I'll bet they would be surprised at what followed. I can almost guarantee two good ideas would come out of that meeting.

Hey, other places, there would be more, but you can't set the bar that high in Washington.

Just think of what could happen if there were 2 good ideas in Washington every day. Just two!

Please! Somebody has to get a message to Dubya. Instant Einstein is ready to serve it's country now. The Dave Cave is on a 24 hour alert.

There won't be any confusion. The Mayor won't have to talk to the Governor. The Governor won't have to talk to FEMA. FEMA won't have to talk to the Mayor. The Office of Homeland Security will not beinvolved.

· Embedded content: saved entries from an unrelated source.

(* Let $T$ be a standard Young tableau with distinct positive integer entries, and let $s$ be an entry of $T$. Let $r<s$ be an integer such that no entry of $T$ lies in the open interval $(r,s)$, and let $k$ be a positive integer with $k\leq s-r$. Choose $k-1$ integers $r<r_1<\cdots<r_{k-1}<s$, and let $T'$ be the tableau obtained from $T$ by column inserting $r_{k-1},r_{k-2},\dots,r_1$ in that order. Then: (1) $c_{T'}(r_i)=i$ for $1\le i\le k-1$, and $c_{T'}(s)=m$, where $m=\max\{c_T(s),k\}$; (2) if $s'$ is an entry of $T$ with $s'>s$, then either $c_{T'}(s')=c_T(s')$ or $c_{T'}(s')\leq m+n$, where $m$ is as in (1) and $n$ is the number of entries of $T$ lying in the half-open interval $[s,s')$.
   Context: For a tableau $T$ and an entry $a$ of $T$, $c_T(a)$ denotes the index of the column of $T$ containing $a$ (columns numbered from $1$ starting on the left). Column insertion of a number $a$ into a tableau: place $a$ in the first column, bumping the smallest entry of that column larger than $a$ (if any); the bumped entry is then inserted into the second column in the same way, and so on, until an entry is placed at the bottom of a column without bumping. *)

theory Defs
  imports Main
begin

text \<open>A tableau is represented as the list of its columns (left to right);
each column is listed top to bottom. Entries are integers.\<close>

type_synonym tableau = "int list list"

definition entries :: "tableau \<Rightarrow> int set" where
  "entries T = (\<Union>c\<in>set T. set c)"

Order Instant Einstein Now. Order Received. Packed and shipped. Order Delivered. Product Used. Brain Boost Received.

"Hey Karl?"

"Yes, Mr. President."

"That stuff I took yesterday. Norman Ornstein, er Calbert Einsberg,
where'd it go?"

"It's right in front of you, sir."

"Would you look at that, right in front of me. Well, okay! Hey, Karl?"

"Yes,sir."

"Make sure the press doesn't get any of this. Next thing you know they'll
be asking smart questions. I don't need that."

"Taken care of, sir."

"Good. good."

Instant Einstein can be yours as well for the fraction of the cost of a brain transplant!